lemma star_bound_second:
  fixes p q r :: real
  assumes p: "0 \<le> p" "p \<le> 1" and q: "q = 1 - p" and r: "r = p + q ^ (k + 1)" and k: "1 \<le> k"
  shows "q ^ k * (r ^ m - max (p ^ m) ((q ^ k) ^ m))
    \<le> real k * (real m + real k + 1) * p\<^sup>2 * q ^ (k + 1) * r ^ (m - 1)"
proof -
  have "0 \<le> q" "q \<le> 1" using p q by auto
  have "0 \<le> r" using p r \<open>0 \<le> q\<close> by simp
  have qk_le_q: "q ^ k \<le> q"
    using power_decreasing[of 1 k q] \<open>0 \<le> q\<close> \<open>q \<le> 1\<close> k by simp
  have "1 * (real m + real k + 1) \<le> real k * (real m + real k + 1)"
    using k by (intro mult_right_mono) auto
  then have m_le: "real m \<le> real k * (real m + real k + 1)" by (rule order_trans[rotated]) simp
  show ?thesis
  proof (cases "q \<le> p\<^sup>2")
    case True
    have "q ^ (2 * k + 1) = q ^ k * q ^ (k + 1)"
      by (simp add: mult_2 flip: power_add)
    then have "q ^ k * (r ^ m - max (p ^ m) ((q ^ k) ^ m)) \<le> (q ^ k * real m) * (q ^ (k + 1) * r ^ (m - 1))"
      using star_bound_first[OF p q r, of m] by (simp only: mult_ac)
    also have "\<dots> \<le> (p\<^sup>2 * (real k * (real m + real k + 1))) * (q ^ (k + 1) * r ^ (m - 1))"
      using qk_le_q True m_le \<open>0 \<le> q\<close> \<open>0 \<le> r\<close>
      by (intro mult_right_mono mult_mono) auto
    finally show ?thesis by (simp only: mult_ac)
  next
    case False
    define x where "x = q / (p + q\<^sup>2)"
    have "0 < q" using False zero_le_power2[of p] by linarith
    then have den: "0 < p + q\<^sup>2" using p by (simp add: add_nonneg_pos)
    have "0 \<le> x" unfolding x_def using \<open>0 < q\<close> den by simp
    have r_minus: "r - q ^ k = p * (1 - q ^ k)" unfolding r q by (simp add: algebra_simps)
    have gap: "r - q ^ k \<le> real k * p\<^sup>2"
    proof -
      have "1 - real k * p \<le> q ^ k" using Bernoulli_inequality[of "- p" k] p q by simp
      then have "p * (1 - q ^ k) \<le> p * (real k * p)" using p by (intro mult_left_mono) auto
      with r_minus show ?thesis by (simp add: power2_eq_square mult_ac)
    qed
    have "q ^ k \<le> r"
    proof -
      have "q ^ k \<le> 1" using \<open>0 \<le> q\<close> \<open>q \<le> 1\<close> by (rule power_le_one)
      then have "0 \<le> p * (1 - q ^ k)" using p by simp
      with r_minus show ?thesis by simp
    qed
    have "q ^ k \<le> x * r"
    proof -
      have "q ^ k * p \<le> q * p" using qk_le_q p by (intro mult_right_mono) auto
      then have "q ^ k * (p + q\<^sup>2) \<le> q * r" by (simp add: r power2_eq_square algebra_simps)
      then show ?thesis unfolding x_def using den by (simp add: pos_le_divide_eq mult.commute)
    qed
    have "r ^ m - (q ^ k) ^ m \<le> (r - q ^ k) * (\<Sum>j<m. x ^ j) * r ^ (m - 1)"
      using \<open>q ^ k \<le> r\<close> \<open>q ^ k \<le> x * r\<close> \<open>0 \<le> q\<close> den
      by (intro power_diff_le_geometric) (auto simp: x_def)
    also have "\<dots> \<le> (real k * p\<^sup>2) * ((real m + 2) * q) * r ^ (m - 1)"
      using gap sum_power_ratio_le[OF p(1) q, of m, folded x_def] False \<open>0 \<le> x\<close>
        \<open>q ^ k \<le> r\<close> \<open>0 \<le> r\<close>
      by (intro mult_right_mono mult_mono) (auto intro: sum_nonneg)
    finally have "q ^ k * (r ^ m - max (p ^ m) ((q ^ k) ^ m))
        \<le> q ^ k * ((real k * p\<^sup>2) * ((real m + 2) * q) * r ^ (m - 1))"
      using \<open>0 \<le> q\<close> by (intro mult_left_mono) auto
    also have "\<dots> \<le> q ^ k * ((real k * p\<^sup>2) * ((real m + real k + 1) * q) * r ^ (m - 1))"
      using k \<open>0 \<le> q\<close> \<open>0 \<le> r\<close> by (intro mult_left_mono mult_right_mono) auto
    also have "\<dots> = real k * (real m + real k + 1) * p\<^sup>2 * (q * q ^ k) * r ^ (m - 1)"
      by (simp only: mult_ac)
    finally show ?thesis by simp
  qed
qed
(* For every $n\ge4$, the function $f_n(x_1,\ldots,x_n)=x_1x_2\vee x_1x_3\vee\cdots\vee x_1x_{n-1}\vee x_2x_3\cdots x_n$ is a positive threshold function depending on all its variables, it is not linear read-once, and its specification number in $\mathcal{H}_n$ is $\sigma_{\mathcal{H}_n}(f_n)=n+1$.
   Context: $f$ on $\{0,1\}^n$ is positive if $f(\mathbf{x})=1$ and $\mathbf{x}\le\mathbf{y}$ coordinatewise imply $f(\mathbf{y})=1$. $f$ is a threshold function if there are $w_1,\ldots,w_n,t\in\mathbb{R}$ with $f(\mathbf{x})=0\iff\sum_iw_ix_i\le t$. $\mathcal{H}_n$ is the class of threshold functions of $n$ variables. A set $S\subseteq\{0,1\}^n$ specifies $f\in\mathcal{H}_n$ if $f$ is the only function in $\mathcal{H}_n$ agreeing with $f$ on $S$; $\sigma_{\mathcal{H}_n}(f)$ is the minimum size of such a set. Linear read-once (lro): constant or representable by a nested formula (literals are nested; $x\vee t$, $x\wedge t$, $\overline{x}\vee t$, $\overline{x}\wedge t$ are nested when $t$ is nested and contains neither $x$ nor $\overline{x}$). *)

theory Defs
  imports Complex_Main
begin

text \<open>Points of the cube {0,1}^n are boolean lists of length n (True = 1).
  Variable x_(i+1) of the paper is the list position i.  A Boolean function of
  n variables is any f :: bool list => bool; only its values on the cube matter,
  and all notions below only look at the cube.\<close>

definition cube :: "nat \<Rightarrow> bool list set" where
  "cube n = {xs. length xs = n}"

definition positive_fn :: "nat \<Rightarrow> (bool list \<Rightarrow> bool) \<Rightarrow> bool" where
  "positive_fn n f \<longleftrightarrow> (\<forall>x\<in>cube n. \<forall>y\<in>cube n.
      f x \<and> (\<forall>i<n. x ! i \<longrightarrow> y ! i) \<longrightarrow> f y)"

definition threshold_fn :: "nat \<Rightarrow> (bool list \<Rightarrow> bool) \<Rightarrow> bool" where
  "threshold_fn n f \<longleftrightarrow> (\<exists>(w::nat \<Rightarrow> real) (t::real). \<forall>x\<in>cube n.
      (\<not> f x \<longleftrightarrow> (\<Sum>i<n. w i * (if x ! i then 1 else 0)) \<le> t))"

definition depends_on_all :: "nat \<Rightarrow> (bool list \<Rightarrow> bool) \<Rightarrow> bool" where
  "depends_on_all n f \<longleftrightarrow> (\<forall>i<n. \<exists>x\<in>cube n. f x \<noteq> f (x[i := \<not> x ! i]))"

definition specifies :: "nat \<Rightarrow> bool list set \<Rightarrow> (bool list \<Rightarrow> bool) \<Rightarrow> bool" where
  "specifies n S f \<longleftrightarrow> S \<subseteq> cube n \<and>
     (\<forall>g. threshold_fn n g \<and> (\<forall>x\<in>S. g x = f x) \<longrightarrow> (\<forall>x\<in>cube n. g x = f x))"

definition spec_number :: "nat \<Rightarrow> (bool list \<Rightarrow> bool) \<Rightarrow> nat" where
  "spec_number n f = (LEAST k. \<exists>S. specifies n S f \<and> card S = k)"

datatype nested = Lit nat bool | NOr nat bool nested | NAnd nat bool nested

fun nvars :: "nested \<Rightarrow> nat set" where
  "nvars (Lit i b) = {i}"
| "nvars (NOr i b t) = insert i (nvars t)"
| "nvars (NAnd i b t) = insert i (nvars t)"
lemma star_nbhd_exterior:
  assumes x: "x \<in> gpoints G" "x \<notin> star_nbhd G S" "x \<notin> cut_midpoints G S"
  shows "\<exists>\<epsilon>>0. gnbhd G x \<epsilon> \<inter> star_nbhd G S = {}"
proof (cases x)
  case (Vert v)
  then have v: "v \<notin> S" using x unfolding star_nbhd_def by auto
  obtain \<epsilon> where \<epsilon>: "0 < \<epsilon>" "\<And>e. e \<in> edges G \<Longrightarrow> \<epsilon> \<le> len G e / 2"
    using obtain_radius_le_half_lengths[OF cg] by blast
  have "y \<notin> star_nbhd G S" if "y \<in> gnbhd G x \<epsilon>" for y
    using that \<epsilon>(2) v unfolding Vert gnbhd_def star_nbhd_def by (auto, fastforce+)
  then show ?thesis using \<epsilon>(1) by blast
next
  case (EPt e s)
  then have e: "e \<in> edges G" "0 < s" "s < len G e"
    using x unfolding gpoints_def by auto
  have not_in: "\<not> ((src G e \<in> S \<and> tgt G e \<in> S) \<or> (src G e \<in> S \<and> s < len G e / 2)
      \<or> (tgt G e \<in> S \<and> len G e / 2 < s))"
    using x e unfolding EPt star_nbhd_def by auto
  have not_mid: "(src G e \<in> S) \<noteq> (tgt G e \<in> S) \<Longrightarrow> s \<noteq> len G e / 2"
    using x e unfolding EPt cut_midpoints_def by auto
  consider "src G e \<in> S" "tgt G e \<notin> S" "len G e / 2 < s" | "src G e \<notin> S" "tgt G e \<in> S" "s < len G e / 2"
    | "src G e \<notin> S" "tgt G e \<notin> S"
    using not_in not_mid by fastforce
  then show ?thesis
  proof cases
    case 1
    then show ?thesis
      by (intro exI[of _ "s - len G e / 2"]) (use e in \<open>auto simp: EPt gnbhd_def star_nbhd_def\<close>)
  next
    case 2
    then show ?thesis
      by (intro exI[of _ "len G e / 2 - s"]) (use e in \<open>auto simp: EPt gnbhd_def star_nbhd_def\<close>)
  next
    case 3
    then show ?thesis by (intro exI[of _ 1]) (use e in \<open>auto simp: EPt gnbhd_def star_nbhd_def\<close>)
  qed
qed

lemma gfrontier_star_nbhd: "gfrontier G (star_nbhd G S) \<subseteq> cut_midpoints G S"
proof
  fix x assume x: "x \<in> gfrontier G (star_nbhd G S)"
  then have "x \<in> gpoints G" "\<And>\<epsilon>. \<epsilon> > 0 \<Longrightarrow> gnbhd G x \<epsilon> \<inter> star_nbhd G S \<noteq> {}"
    and "x \<notin> ginterior G (star_nbhd G S)"
    unfolding gfrontier_def gclosure_def by auto
  moreover from this have "x \<notin> star_nbhd G S"
    using star_nbhd_interior star_nbhd_subset_gpoints unfolding ginterior_def by blast
  ultimately show "x \<in> cut_midpoints G S" using star_nbhd_exterior by blast
qed

lemma admissible_star_nbhd: "admissible G (star_nbhd G S)"
proof -
  have "finite (cut_midpoints G S)" unfolding cut_midpoints_def using closed_graphD(2)[OF cg] by simp
  then show ?thesis
    unfolding admissible_def gopen_def
    using star_nbhd_subset_gpoints star_nbhd_interior finite_subset[OF gfrontier_star_nbhd]
      closed_graphD(3)[OF cg] by auto
qed
(* Let $(X,\mathcal{H},\lambda)$ be a homogenizer and $1\le p<+\infty$. The mean value $M$ on $(X,\mathcal{H},\lambda)$ extends uniquely to a continuous linear form (still denoted $M$) on $\mathfrak{X}^p(X,\mathcal{H},\lambda)$. Moreover, for every $u\in\mathfrak{X}^p(X,\mathcal{H},\lambda)$ and every relatively compact open set $\Omega\subset X$, $u\circ H_\varepsilon\to M(u)$ (the constant function) weakly in $L^p(\Omega)$ as $\varepsilon\to\theta$, where $u\circ H_\varepsilon$ is restricted to $\Omega$.
   Context: An $\mathbb{R}$-group is an abelian group $E$ (operation written multiplicatively) whose underlying set is a subset of $\mathbb{R}$ containing all positive integers, such that: (RG1) with the natural order of $\mathbb{R}$, $E$ is a totally ordered group; (RG2) with the topology induced from $\mathbb{R}$, $E$ is a locally compact group; (RG3) there is a nonconstant continuous homomorphism $h:E\to\mathbb{R}_+^*$ such that for every $\alpha\in E$ the set $\{\varepsilon\in E:\varepsilon\ge\alpha\}$ is integrable for $h\cdot m$, $m$ a Haar measure on $E$. $e$ is the identity of $E$, $\varepsilon^{-1}$ the group inverse, $\theta=\inf E\in\mathbb{R}\cup\{\pm\infty\}$; inequalities refer to the order of $\mathbb{R}$. An action of $E$ on $X$ is a family $(H_\varepsilon)_{\varepsilon\in E}$ of bijections of $X$ with $H_\varepsilon\circ H_{\varepsilon'}=H_{\varepsilon\varepsilon'}$, $H_e=\mathrm{id}_X$; continuous if $(\varepsilon,x)\mapsto H_\varepsilon(x)$ is continuous on $E\times X$; absorptive if some $\omega\in X$ satisfies: for every neighbourhood $V$ of $\omega$ and every $x\in X$ there are a neighbourhood $U$ of $x$ and $\alpha\in E$ with $H_{\varepsilon^{-1}}(U)\subset V$ for all $\varepsilon\le\alpha$; this $\omega$ is unique, the center. A set $T$ is balanced if $H_{\varepsilon^{-1}}(T)\subset T$ for all $\varepsilon\le e$; elementary if it is a balanced relatively compact neighbourhood of $\omega$. A positive Radon measure $\lambda$ is $\mathcal{H}$-homogeneous if for each $\varepsilon$ there is $c(\varepsilon)>0$ with $\int\varphi(H_\varepsilon(x))d\lambda(x)=c(\varepsilon)\int\varphi\,d\lambda$ for all $\varphi\in\mathcal{K}(X)$; it is nontrivial if $\lambda\ne0$, $\lambda\ne\delta_\omega$. A homogenizer is a triple $(X,\mathcal{H},\lambda)$ with $X$ a noncompact locally compact space in which each point has a countable neighbourhood base, $\mathcal{H}$ a continuous absorptive action of an $\mathbb{R}$-group $E$ on $X$, $\lambda$ a nontrivial $\mathcal{H}$-homogeneous positive Radon measure; $X$ is equipped with $\lambda$. $\mathcal{B}(X)$ is the Banach space of bounded continuous complex functions with the sup norm. $\Pi^\infty(X,\mathcal{H},\lambda)$ is the space of $u\in\mathcal{B}(X)$ for which there is a constant $\tilde u\in\mathbb{C}$ with $u\circ H_\varepsilon\to\tilde u$ weak-$*$ in $L^\infty(X)$ as $\varepsilon\to\theta$; the mean value is $M:\Pi^\infty(X,\mathcal{H},\lambda)\to\mathbb{C}$, $M(u)=\tilde u$. $\Xi^p(X,\mathcal{H},\lambda)$ is the space of $u\in L^p_{loc}(X)$ with $\sup_{\varepsilon\le e}\int_K|u\circ H_\varepsilon|^pd\lambda<\infty$ for all compact $K$, normed (as a Banach space) by $\|u\|_{\Xi^p}=\sup_{\varepsilon\le e}(\int_B|u(H_\varepsilon(x))|^pd\lambda(x))^{1/p}$, $B$ a fixed open elementary set. $\mathfrak{X}^p(X,\mathcal{H},\lambda)$ is the closure of $\Pi^\infty(X,\mathcal{H},\lambda)$ in $\Xi^p(X,\mathcal{H},\lambda)$. *)

theory Defs
  imports "HOL-Analysis.Analysis"
begin

definition haar_measure_on ::
  "real set \<Rightarrow> (real \<Rightarrow> real \<Rightarrow> real) \<Rightarrow> real measure \<Rightarrow> bool" where
  "haar_measure_on E gmul m \<longleftrightarrow>
     space m = E \<and> sets m = sets (restrict_space borel E) \<and>
     (\<forall>K. K \<subseteq> E \<and> compact K \<longrightarrow> emeasure m K < \<infinity>) \<and>
     (\<exists>A\<in>sets m. emeasure m A \<noteq> 0) \<and>
     (\<forall>a\<in>E. \<forall>A\<in>sets m. emeasure m ((\<lambda>x. gmul a x) ` A) = emeasure m A)"

definition R_group ::
  "real set \<Rightarrow> (real \<Rightarrow> real \<Rightarrow> real) \<Rightarrow> real \<Rightarrow> (real \<Rightarrow> real) \<Rightarrow> bool" where
  "R_group E gmul e iv \<longleftrightarrow>
     \<comment> \<open>abelian group\<close>
     (\<forall>x\<in>E. \<forall>y\<in>E. gmul x y \<in> E) \<and> e \<in> E \<and> (\<forall>x\<in>E. iv x \<in> E) \<and>
     (\<forall>x\<in>E. \<forall>y\<in>E. \<forall>z\<in>E. gmul (gmul x y) z = gmul x (gmul y z)) \<and>
     (\<forall>x\<in>E. \<forall>y\<in>E. gmul x y = gmul y x) \<and>
     (\<forall>x\<in>E. gmul e x = x) \<and> (\<forall>x\<in>E. gmul (iv x) x = e) \<and>
     \<comment> \<open>contains all positive integers\<close>
     (\<forall>n::nat. 1 \<le> n \<longrightarrow> real n \<in> E) \<and>
     \<comment> \<open>(RG1) totally ordered group for the natural order of R\<close>
     (\<forall>x\<in>E. \<forall>y\<in>E. \<forall>z\<in>E. x \<le> y \<longrightarrow> gmul x z \<le> gmul y z) \<and>
     \<comment> \<open>(RG2) locally compact (topological) group for the induced topology\<close>
     continuous_on (E \<times> E) (\<lambda>(x, y). gmul x y) \<and> continuous_on E iv \<and>
     locally_compact_space (top_of_set E) \<and>
     \<comment> \<open>(RG3)\<close>
     (\<exists>h m. continuous_on E h \<and> (\<forall>x\<in>E. 0 < h x) \<and>
        (\<forall>x\<in>E. \<forall>y\<in>E. h (gmul x y) = h x * h y) \<and>
        (\<exists>x\<in>E. \<exists>y\<in>E. h x \<noteq> h y) \<and>
        haar_measure_on E gmul m \<and>
        (\<forall>\<alpha>\<in>E. (\<integral>\<^sup>+x. indicator {\<epsilon>\<in>E. \<alpha> \<le> \<epsilon>} x * ennreal (h x) \<partial>m) < \<infinity>))"

text \<open>The filter of the limit \<open>\<epsilon> \<rightarrow> \<theta> = inf E\<close>, \<open>\<epsilon>\<close> ranging over E.\<close>

definition theta_filter :: "real set \<Rightarrow> real filter" where
  "theta_filter E = (INF \<alpha>\<in>E. principal {\<epsilon>\<in>E. \<epsilon> \<le> \<alpha>})"

definition is_action ::
  "real set \<Rightarrow> (real \<Rightarrow> real \<Rightarrow> real) \<Rightarrow> real \<Rightarrow> (real \<Rightarrow> 'a \<Rightarrow> 'a) \<Rightarrow> bool" where
  "is_action E gmul e H \<longleftrightarrow>
     (\<forall>\<epsilon>\<in>E. bij (H \<epsilon>)) \<and>
     (\<forall>\<epsilon>\<in>E. \<forall>\<epsilon>'\<in>E. H \<epsilon> \<circ> H \<epsilon>' = H (gmul \<epsilon> \<epsilon>')) \<and> H e = id"
(* The family $\mathcal{T}_n \subset 2^{\binom{[n]}{2}}$ of all labelled spanning trees of $K_n$ (identified with their edge sets) is $(n/2, n-1)$-spread.
   Context: For $\mathcal{F}\subset 2^{[m]}$ and $X\subset[m]$, $\mathcal{F}(X):=\{A\setminus X : A\in\mathcal{F},\ X\subset A\}$. For $r>1$, $\mathcal{F}$ is $r$-spread if $|\mathcal{F}(X)|\le r^{-|X|}|\mathcal{F}|$ for all $X\subset[m]$. $\mathcal{F}$ is $(r,t)$-spread if for every $T\subset[m]$ with $|T|\le t$ the family $\mathcal{F}(T)$ is $r$-spread, i.e. for every such $T$ and every $U$ with $T\subseteq U\subseteq[m]$, $|\mathcal{F}(U)|\le r^{-(|U|-|T|)}|\mathcal{F}(T)|$. Here $[m]$ is the ground set $\binom{[n]}{2}$ of edges of $K_n$. *)

theory Defs
  imports Complex_Main
begin

definition link :: "'a set set \<Rightarrow> 'a set \<Rightarrow> 'a set set" where
  "link F X = {A - X | A. A \<in> F \<and> X \<subseteq> A}"

definition spread :: "'a set \<Rightarrow> real \<Rightarrow> 'a set set \<Rightarrow> bool" where
  "spread M r F \<longleftrightarrow>
     (\<forall>X. X \<subseteq> M \<longrightarrow> real (card (link F X)) \<le> r powi (- int (card X)) * real (card F))"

:: What you need to do ::
Within the listing above, the range opens at the line with "with r_minus show ?thesis by simp" and closes at the line with "k) * (\<Sum>j<m.". Reproduce exactly the lines of that range, including both ends.

:: Output for this exercise ::
      with r_minus show ?thesis by simp
    qed
    have "q ^ k \<le> x * r"
    proof -
      have "q ^ k * p \<le> q * p" using qk_le_q p by (intro mult_right_mono) auto
      then have "q ^ k * (p + q\<^sup>2) \<le> q * r" by (simp add: r power2_eq_square algebra_simps)
      then show ?thesis unfolding x_def using den by (simp add: pos_le_divide_eq mult.commute)
    qed
    have "r ^ m - (q ^ k) ^ m \<le> (r - q ^ k) * (\<Sum>j<m. x ^ j) * r ^ (m - 1)"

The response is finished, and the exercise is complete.